Here is some information. You probably know most of it, but just in case, I'll lay it out for you and for some other person who might come next with the same kind of worries and read this.
1) Guilt or anxiety can make it hard to even understand, or react normally to, scientific and medical evidence in the logical way you might if you weren't distressed.
2) A certain number of weeks "pregnant" told to you by a doctor, ultrasound tech or nurse means that number of weeks since the first day of your last period, not the number of weeks since conception. If a doctor looks on an ultrasound and says you are 5 weeks "along" or 5 weeks "gestational age," or 5 weeks "pregnant," he is saying the baby is of a size consistent with conception being 3 weeks ago. The pregnancy time period is counted by the medical establishment as beginning on day 1 of your period, with the assumption that conception would happen two weeks later.
3) Having a period come means you are not pregnant.
4) If your period comes two days after sex, it means you are not pregnant, and also that you were not ovulating when you had the sex. (You ovulate two weeks before your period, not two days before your period.)

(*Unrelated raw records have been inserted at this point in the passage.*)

(* Let $\Sigma$ be a fixed finite alphabet and $\phi$ an antimorphic involution on $\Sigma^*$. Deciding whether a given word $w\in\Sigma^*$ contains a pseudo cube (with respect to $\phi$) as a factor can be done in time $O(|w|^2)$.
   Context: A function $\phi:\Sigma^*\to\Sigma^*$ is an antimorphic involution if $\phi(uv)=\phi(v)\phi(u)$ and $\phi(\phi(w))=w$ for all words $u,v,w$. A pseudo cube with respect to $\phi$ is a nonempty word $u_1u_2u_3$ such that for all $1\le i,j\le 3$, either $u_i=u_j$ or $u_i=\phi(u_j)$. A factor is a contiguous subword. *)

theory Defs
  imports Main
begin

definition antimorphic_involution :: "('a list \<Rightarrow> 'a list) \<Rightarrow> bool" where
  "antimorphic_involution \<phi> \<longleftrightarrow>
     (\<forall>u v. \<phi> (u @ v) = \<phi> v @ \<phi> u) \<and> (\<forall>w. \<phi> (\<phi> w) = w)"

definition pseudo_cube :: "('a list \<Rightarrow> 'a list) \<Rightarrow> 'a list \<Rightarrow> bool" where
  "pseudo_cube \<phi> x \<longleftrightarrow> x \<noteq> [] \<and>
     (\<exists>u :: nat \<Rightarrow> 'a list. x = u 1 @ u 2 @ u 3 \<and>
        (\<forall>i\<in>{1,2,3}. \<forall>j\<in>{1,2,3}. u i = u j \<or> u i = \<phi> (u j)))"

definition is_factor :: "'a list \<Rightarrow> 'a list \<Rightarrow> bool" where
  "is_factor x w \<longleftrightarrow> (\<exists>p s. w = p @ x @ s)"

definition contains_pseudo_cube :: "('a list \<Rightarrow> 'a list) \<Rightarrow> 'a list \<Rightarrow> bool" where
  "contains_pseudo_cube \<phi> w \<longleftrightarrow> (\<exists>x. is_factor x w \<and> pseudo_cube \<phi> x)"

text \<open>Memory is a single array of natural-number cells (registers = memory cells),
  addressed by naturals; every instruction costs one step.\<close>

datatype instr =
    Const nat nat
  | Add nat nat nat
  | Sub nat nat nat          (* mem[r] := mem[a] - mem[b]  (truncated) *)
  | Load nat nat
  | Store nat nat
  | Jz nat nat
  | Jmp nat
  | Halt

type_synonym config = "nat \<times> (nat \<Rightarrow> nat)"

definition halted :: "instr list \<Rightarrow> config \<Rightarrow> bool" where
  "halted P cf \<longleftrightarrow> fst cf \<ge> length P \<or> P ! fst cf = Halt"

fun exec_instr :: "instr \<Rightarrow> config \<Rightarrow> config" where
  "exec_instr (Const r c) (pc, m) = (Suc pc, m(r := c))"
| "exec_instr (Add r a b) (pc, m) = (Suc pc, m(r := m a + m b))"
| "exec_instr (Sub r a b) (pc, m) = (Suc pc, m(r := m a - m b))"
| "exec_instr (Load r a) (pc, m) = (Suc pc, m(r := m (m a)))"
| "exec_instr (Store a b) (pc, m) = (Suc pc, m(m a := m b))"
| "exec_instr (Jz r l) (pc, m) = (if m r = 0 then l else Suc pc, m)"
| "exec_instr (Jmp l) (pc, m) = (l, m)"
| "exec_instr Halt (pc, m) = (pc, m)"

5) Sperm in your body can live 4-6 days, and then it dies. (There is even disagreement about whether it is strong enough by the 6th day to penetrate an egg.) Sperm does not lurk in your body for weeks and then suddenly impregnate you. Unless the prior sexual event was less than a week ago, its sperm is gone.
6) Unless you know from tests that a man is infertile, assume he is fertile. Having slept with someone for a number of years and not gotten pregnant does not mean it is impossible to get pregnant. Every seminal ejaculation produces millions of sperm, and even people with a lower sperm count still have a number of sperm. It only takes one.
7) If you can't break away from obsessive worrying about paternity even in the face of all the medical facts showing who is the dad, see a therapist. Anxiety is its own problem, don't let it settle on paternity if your data don't give you a reason to question paternity. You can waste your whole pregnancy (and bore and frustrate your friends and trusted confidantes) by being uncertain when there is no reason for it. Look for the real reason for your anxiety and address it, and unjustified fears about paternity will fade away.
It sounds from your ultrasounds like you got pregnant around March 4, as you would expect from your ovulation date.
Did they give you a due date at that very first ultrasound on March 25?